Readers may recall a recent post on the wisdom of Margaret Jamison, a guru of sorts to a small circle of admirers. Ms Jamison is a lesbian feminist who defines rape as “all penile intercourse” on grounds that, “there is something wrong with this notion that a woman’s ‘consent’ is what separates a rapist from a non-rapist.” When not insisting that “all heterosex is rape,” Jamison’s thoughts turn a little too readily to the subject of harming children: “I believe male infanticide to be a better option than the current circumstances. I think it’s better than what we’ve got.”
Ms Jamison’s latest declarations concern a matter of some delicacy. It begins in the usual, rather grandiose way:
What I want more than anything is for women to achieve a state of being that is untainted. I especially want us to free ourselves from male rule and influence, for us to be unaltered in ways that are modeled on maleness.
Then it gets a little coy.
The reliance of women on various man-made implements to mediate their relations with other women, whether psychological constructs or manufactured goods, is an adulteration of the female.
Ms Jamison is very big on The Unargued Assertion and she likes to pile ‘em high. I’m not quite sure what the psychological constructs in question might be, but in case it isn’t clear, those “manufactured goods” include strap-ons, dildos and other such devices:
Femaleness cannot be enhanced by maleness, only denied, suppressed, and degraded, lessened. The master’s tools inhabit our minds and the realm of our physical lives… And I don’t think that a tool forged by males or in their likeness is any less male when wielded by women.
Oh, I do like that - The master’s tools. Very good.
Given the all-pervasive nature of The Crushing Patriarchy and its Symbols of Dominion™ - and given the obligation of all women to shun such indecencies - this can create problems of an intimate nature. Penetration is patriarchal degradation, see? Even when the penetrator in question is a lady. So what’s a girl to do? Are fingers and tongues okay?
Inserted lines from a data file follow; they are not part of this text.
lemma aGamma_eq_zero_iff: "aGamma R M a = {\<zero>\<^bsub>M\<^esub>} \<longleftrightarrow> Gamma R M a = ann_in R M a 1"
  unfolding Gamma_eq_ann_in_one_iff
proof
  assume "\<forall>v\<in>Gamma R M a. a \<odot>\<^bsub>M\<^esub> v = \<zero>\<^bsub>M\<^esub>"
  moreover have "\<zero>\<^bsub>M\<^esub> = a \<odot>\<^bsub>M\<^esub> \<zero>\<^bsub>M\<^esub>" "\<zero>\<^bsub>M\<^esub> \<in> Gamma R M a"
    using a submoduleE(2,3)[OF submodule_Gamma] by (auto simp: Gamma_def)
  ultimately show "aGamma R M a = {\<zero>\<^bsub>M\<^esub>}"
    unfolding aGamma_def by blast
qed (auto simp: aGamma_def)

lemma ann_in_eq_ann_in_one_iff:
  "(\<forall>k\<ge>1. ann_in R M a 1 = ann_in R M a k) \<longleftrightarrow> Gamma R M a = ann_in R M a 1"
proof
  assume "\<forall>k\<ge>1. ann_in R M a 1 = ann_in R M a k"
  then have "ann_in R M a (Suc k) = ann_in R M a 1" for k
    by (metis le_add1 plus_1_eq_Suc)
  then have "(\<Union>k. ann_in R M a (Suc k)) = (\<Union>k::nat. ann_in R M a 1)"
    by (intro SUP_cong refl)
  then show "Gamma R M a = ann_in R M a 1"
    unfolding Gamma_eq_UN by simp
next
  assume Gamma: "Gamma R M a = ann_in R M a 1"
  show "\<forall>k\<ge>1. ann_in R M a 1 = ann_in R M a k"
  proof (intro allI impI)
    fix k :: nat assume "1 \<le> k"
    then show "ann_in R M a 1 = ann_in R M a k"
      using ann_in_mono ann_in_subset_Gamma[of k] unfolding Gamma by (simp add: subset_antisym)
  qed
qed

lemma mod_short_exact_Gamma_iff:
  "mod_short_exact R (M\<lparr>carrier := Gamma R M a\<rparr>) M (M\<lparr>carrier := scaled_by M a\<rparr>) (\<lambda>m. m) (\<lambda>m. a \<odot>\<^bsub>M\<^esub> m)
    \<longleftrightarrow> Gamma R M a = ann_in R M a 1"
proof -
  have "mod_hom R (M\<lparr>carrier := Gamma R M a\<rparr>) M (\<lambda>m. m)"
    by (auto simp: mod_hom_def Gamma_def)
  moreover have "mod_hom R M (M\<lparr>carrier := scaled_by M a\<rparr>) (\<lambda>m. a \<odot>\<^bsub>M\<^esub> m)"
    using a by (auto simp: mod_hom_def scaled_by_def smult_r_distr smult_comm[of a])
  moreover have "(\<lambda>m. a \<odot>\<^bsub>M\<^esub> m) ` carrier M = scaled_by M a"
    by (auto simp: scaled_by_def)
  ultimately show ?thesis
    using module_Gamma submodule.submodule_is_module[OF submodule_scaled_by] module_axioms
    unfolding mod_short_exact_def ann_in_one by simp
qed

lemma mod_iso_Gamma_Hom_quot_iff:
  "mod_iso R (M\<lparr>carrier := Gamma R M a\<rparr>) (Hom_mod R (quot_mod R (PIdl a)) M)
    \<longleftrightarrow> Gamma R M a = ann_in R M a 1"
proof
  assume iso: "mod_iso R (M\<lparr>carrier := Gamma R M a\<rparr>) (Hom_mod R (quot_mod R (PIdl a)) M)"
  have "a \<odot>\<^bsub>M\<^esub> v = \<zero>\<^bsub>M\<^esub>" if "v \<in> Gamma R M a" for v
    using mod_iso_smult_eq_zero[OF module_Gamma iso a
        Hom_quot_smult_ideal[OF R.cgenideal_ideal[OF a] _ R.cgenideal_self[OF a]]] that
    by simp
  then show "Gamma R M a = ann_in R M a 1"
    using Gamma_eq_ann_in_one_iff by blast
next
  assume "Gamma R M a = ann_in R M a 1"
  then show "mod_iso R (M\<lparr>carrier := Gamma R M a\<rparr>) (Hom_mod R (quot_mod R (PIdl a)) M)"
    using mod_iso_ann_ideal_Hom_quot[OF R.cgenideal_ideal[OF a]] unfolding ann_in_one_eq_ann_ideal by simp
qed

text \<open>The simp rule \<open>nat_pow_Suc\<close> unfolds \<open>a [^] Suc n\<close>, so below the facts about \<open>hom_of\<close>
  are applied by \<open>rule\<close> or \<open>simp only\<close>.\<close>
abbreviation hom_of :: "nat \<Rightarrow> 'c \<Rightarrow> 'a set \<Rightarrow> 'c"
  where "hom_of n \<equiv> coset_hom R M (PIdl (a [^] Suc n))"

abbreviation "hom_sys_rel \<equiv> dl_rel (hom_sys R M (PIdl a)) (hom_sys_map R (PIdl a))"

abbreviation "hom_sys_lim \<equiv> dirlim R (hom_sys R M (PIdl a)) (hom_sys_map R (PIdl a))"

lemma hom_sys_eq: "hom_sys R M (PIdl a) n = Hom_mod R (quot_mod R (PIdl (a [^] Suc n))) M"
  using a by (simp add: hom_sys_def R.ideal_pow_cgenideal)

lemma carrier_hom_sys: "carrier (hom_sys R M (PIdl a) n) = hom_of n ` ann_in R M a (Suc n)"
  unfolding hom_sys_eq ann_in_eq_ann_ideal using a by (intro carrier_Hom_quot R.cgenideal_ideal) simp

lemma hom_sys_map_hom_of:
  assumes "v \<in> ann_in R M a (Suc n)"
  shows "hom_sys_map R (PIdl a) n (hom_of n v) = hom_of (Suc n) v"
proof (rule extensionalityI)
  fix X assume X: "X \<in> a_rcosets (PIdl (a [^] Suc (Suc n)))"
  then obtain r where r: "r \<in> carrier R" "X = PIdl (a [^] Suc (Suc n)) +> r"
    by (rule a_rcosetsE)
  have v: "v \<in> ann_ideal M (PIdl (a [^] Suc n))" "v \<in> ann_ideal M (PIdl (a [^] Suc (Suc n)))"
    using assms ann_in_mono[of "Suc n" "Suc (Suc n)"] unfolding ann_in_eq_ann_ideal by auto
  note ideal = R.cgenideal_ideal[OF R.nat_pow_closed[OF a]]
  have "hom_sys_map R (PIdl a) n (hom_of n v) X = hom_of n v (PIdl (a [^] Suc n) <+> X)"
    using X by (simp add: hom_sys_map_def R.ideal_pow_cgenideal[OF a] del: nat_pow_Suc)
  also have "PIdl (a [^] Suc n) <+> X = PIdl (a [^] Suc n) +> r"
    unfolding r(2) using R.set_add_rcos_smaller_ideal[OF ideal ideal R.cgenideal_pow_Suc_subset[OF a] r(1)] .
  also have "hom_of n v (PIdl (a [^] Suc n) +> r) = r \<odot>\<^bsub>M\<^esub> v"
    using coset_hom_apply[OF ideal v(1) r(1)] .
  also have "\<dots> = hom_of (Suc n) v X"
    unfolding r(2) using coset_hom_apply[OF ideal v(2) r(1)] ..
  finally show "hom_sys_map R (PIdl a) n (hom_of n v) X = hom_of (Suc n) v X" .
next
  have pow: "ideal_pow R (PIdl a) (n + 2) = PIdl (a [^] Suc (Suc n))"
    unfolding R.ideal_pow_cgenideal[OF a] by simp
  show "hom_sys_map R (PIdl a) n (hom_of n v) \<in> extensional (a_rcosets (PIdl (a [^] Suc (Suc n))))"
    unfolding hom_sys_map_def quot_mod_carrier pow by (rule restrict_extensional)
next
  show "hom_of (Suc n) v \<in> extensional (a_rcosets (PIdl (a [^] Suc (Suc n))))"
    unfolding coset_hom_def by (rule restrict_extensional)
qed

lemma itr_hom_sys_map_hom_of:
  assumes "v \<in> ann_in R M a (Suc n)" "n \<le> N"
  shows "itr (hom_sys_map R (PIdl a)) n (N - n) (hom_of n v) = hom_of N v"
proof -
  have "itr (hom_sys_map R (PIdl a)) n d (hom_of n v) = hom_of (n + d) v" for d
  proof (induction d)
    case (Suc d)
    have "v \<in> ann_in R M a (Suc (n + d))"
      using assms(1) ann_in_mono[of "Suc n" "Suc (n + d)"] by auto
    then show ?case
      by (simp only: itr.simps comp_apply Suc.IH hom_sys_map_hom_of add_Suc_right)
  qed simp
  from this[of "N - n"] show ?thesis
    using assms(2) by simp
qed

lemma hom_of_eq_iff:
  assumes "v \<in> ann_in R M a (Suc n)" "w \<in> ann_in R M a (Suc n)"
  shows "hom_of n v = hom_of n w \<longleftrightarrow> v = w"
proof -
  have "inj_on (hom_of n) (ann_in R M a (Suc n))"
    unfolding ann_in_eq_ann_ideal using R.cgenideal_ideal[OF R.nat_pow_closed[OF a]] by (rule inj_on_coset_hom)
  then show ?thesis
    using assms by (rule inj_on_eq_iff)
qed

lemma hom_sys_rel_hom_of_iff:
  assumes v: "v \<in> ann_in R M a (Suc n)" and w: "w \<in> ann_in R M a (Suc m)"
  shows "((n, hom_of n v), (m, hom_of m w)) \<in> hom_sys_rel \<longleftrightarrow> v = w"
proof -
  have above: "v \<in> ann_in R M a (Suc N)" "w \<in> ann_in R M a (Suc N)" if "n \<le> N" "m \<le> N" for N
    using that v w ann_in_mono[of "Suc n" "Suc N"] ann_in_mono[of "Suc m" "Suc N"] by auto
  have "(\<exists>N. n \<le> N \<and> m \<le> N \<and> hom_of N v = hom_of N w) \<longleftrightarrow> v = w"
    using hom_of_eq_iff[OF above] max.cobounded1 max.cobounded2 by metis
  moreover have "hom_of n v \<in> carrier (hom_sys R M (PIdl a) n)" "hom_of m w \<in> carrier (hom_sys R M (PIdl a) m)"
    using v w by (auto simp: carrier_hom_sys)
  ultimately show ?thesis
    unfolding dl_rel_def using itr_hom_sys_map_hom_of[OF v] itr_hom_sys_map_hom_of[OF w] by auto
qed

lemma mem_Gamma_class_iff: "(m, g) \<in> Gamma_class R M a v \<longleftrightarrow> v \<in> ann_in R M a (Suc m) \<and> g = hom_of m v"
  by (auto simp: Gamma_class_def)

lemma hom_sys_rel_Image_hom_of:
  assumes v: "v \<in> ann_in R M a (Suc n)"
  shows "hom_sys_rel `` {(n, hom_of n v)} = Gamma_class R M a v"
proof -
  have "((n, hom_of n v), (m, g)) \<in> hom_sys_rel \<longleftrightarrow> (m, g) \<in> Gamma_class R M a v" for m g
  proof
    assume rel: "((n, hom_of n v), (m, g)) \<in> hom_sys_rel"
    then have "g \<in> carrier (hom_sys R M (PIdl a) m)"
      by (simp add: dl_rel_def)
    then obtain w where w: "w \<in> ann_in R M a (Suc m)" "g = hom_of m w"
      by (auto simp: carrier_hom_sys)
    with rel show "(m, g) \<in> Gamma_class R M a v"
      using hom_sys_rel_hom_of_iff[OF v w(1)] by (simp add: mem_Gamma_class_iff)
  next
    assume "(m, g) \<in> Gamma_class R M a v"
    then show "((n, hom_of n v), (m, g)) \<in> hom_sys_rel"
      using hom_sys_rel_hom_of_iff[OF v] by (simp add: mem_Gamma_class_iff)
  qed
  then show ?thesis
    by auto
qed

lemma Gamma_class_nonempty:
  assumes "v \<in> Gamma R M a"
  obtains n where "(n, hom_of n v) \<in> Gamma_class R M a v"
  using assms by (auto simp: Gamma_eq_UN mem_Gamma_class_iff)

lemma carrier_hom_sys_lim: "carrier hom_sys_lim = Gamma_class R M a ` Gamma R M a"
proof -
  have "carrier hom_sys_lim = (\<Union>n. (\<lambda>v. hom_sys_rel `` {(n, hom_of n v)}) ` ann_in R M a (Suc n))"
    by (auto simp: dirlim_def quotient_def carrier_hom_sys)
  also have "\<dots> = (\<Union>n. Gamma_class R M a ` ann_in R M a (Suc n))"
    by (rule SUP_cong[OF refl], rule image_cong[OF refl], rule hom_sys_rel_Image_hom_of)
  also have "\<dots> = Gamma_class R M a ` Gamma R M a"
    by (auto simp: Gamma_eq_UN)
  finally show ?thesis .
qed

lemma inj_on_Gamma_class: "inj_on (Gamma_class R M a) (Gamma R M a)"
proof (rule inj_onI)
  fix v w assume v: "v \<in> Gamma R M a" and eq: "Gamma_class R M a v = Gamma_class R M a w"
  obtain n where n: "(n, hom_of n v) \<in> Gamma_class R M a v"
    using Gamma_class_nonempty[OF v] .
  then have "v \<in> ann_in R M a (Suc n)"
    unfolding mem_Gamma_class_iff by blast
  moreover from n have "w \<in> ann_in R M a (Suc n)" "hom_of n v = hom_of n w"
    unfolding eq mem_Gamma_class_iff by blast+
  ultimately show "v = w"
    using hom_of_eq_iff by blast
qed

lemma Gamma_class_add:
  assumes v: "v \<in> Gamma R M a" and w: "w \<in> Gamma R M a"
  shows "Gamma_class R M a v \<oplus>\<^bsub>hom_sys_lim\<^esub> Gamma_class R M a w = Gamma_class R M a (v \<oplus>\<^bsub>M\<^esub> w)"
proof -
  let ?S = "hom_sys R M (PIdl a)" and ?\<Phi> = "hom_sys_map R (PIdl a)"
  have "hom_sys_rel `` {(max n m, itr ?\<Phi> n (max n m - n) x \<oplus>\<^bsub>?S (max n m)\<^esub> itr ?\<Phi> m (max n m - m) y)}
      = Gamma_class R M a (v \<oplus>\<^bsub>M\<^esub> w)"
    if "(n, x) \<in> Gamma_class R M a v" "(m, y) \<in> Gamma_class R M a w" for n x m y
  proof -
    define N where "N = max n m"
    have vn: "v \<in> ann_in R M a (Suc n)" "x = hom_of n v" and wm: "w \<in> ann_in R M a (Suc m)" "y = hom_of m w"
      using that unfolding mem_Gamma_class_iff by blast+
    then have vN: "v \<in> ann_in R M a (Suc N)" and wN: "w \<in> ann_in R M a (Suc N)"
      using ann_in_mono[of "Suc n" "Suc N"] ann_in_mono[of "Suc m" "Suc N"] by (auto simp: N_def)
    have "itr ?\<Phi> n (N - n) x = hom_of N v"
      unfolding vn(2) by (rule itr_hom_sys_map_hom_of[OF vn(1)]) (simp add: N_def)
    moreover have "itr ?\<Phi> m (N - m) y = hom_of N w"
      unfolding wm(2) by (rule itr_hom_sys_map_hom_of[OF wm(1)]) (simp add: N_def)
    moreover have "hom_of N v \<oplus>\<^bsub>?S N\<^esub> hom_of N w = hom_of N (v \<oplus>\<^bsub>M\<^esub> w)"
      unfolding hom_sys_eq using vN wN unfolding ann_in_eq_ann_ideal
      by (rule coset_hom_add[OF R.cgenideal_ideal[OF R.nat_pow_closed[OF a]], symmetric])
    moreover have "v \<oplus>\<^bsub>M\<^esub> w \<in> ann_in R M a (Suc N)"
      using submoduleE(5)[OF submodule_ann_in vN wN] .
    ultimately show ?thesis
      unfolding N_def[symmetric] by (simp only: hom_sys_rel_Image_hom_of)
  qed
  moreover obtain n m where "(n, hom_of n v) \<in> Gamma_class R M a v" "(m, hom_of m w) \<in> Gamma_class R M a w"
    using Gamma_class_nonempty v w by metis
  ultimately show ?thesis
    unfolding dirlim_def by (simp only: ring.simps UN_pair_constant_eq)
qed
Will scissoring suffice?
Faced with this dilemma and eager to comply with the latest sexual protocol, Ms Jamison’s devotees share their umbrage and confusion:
I only wish there was a way out. You know those mirror rooms with the infinite reflections? I feel like I’m in one of those. I turn and turn and turn, looking for the male supremacy and how to take it down, but all I see is myself instead…
This post ignites too much passion for me to be coherent. All I can spit out are phrases such as… “Don’t even let me see a strap on, much less discuss the desire for one.”
Some readers, however, feel more thrusting and empowered:
Thank you Margaret, I have not long started reading radical lesbian blogs and have felt disillusioned by this very issue. It is apparently easier to create some twisted justification as to why putting on a strap-on has nothing to do with heterosexuality than it is to admit that you are imitating and participating in a heterosexual transaction. Your words enable me to feel slightly less insane.
Remember, people – penetration is suppression; it’s heteronormative and a lessening of womanhood. Even lesbian penetration is a heterosexual transaction and an echo of The Patriarchy. Do try to keep up. There’ll be a test on Friday. It’s easy to mock, of course – though in this case I think that’s okay. But take a moment to ponder a worldview in which aversion to the penis, even in rubber form, is so rigid and unyielding, and where sex is above all an ideological activity. There are rules to be observed and things one mustn’t do, or even think about. All in the name of purity, empowerment and liberation.
(h/t, Randall Sherman)
Feel free to compensate me. I had to wade through this.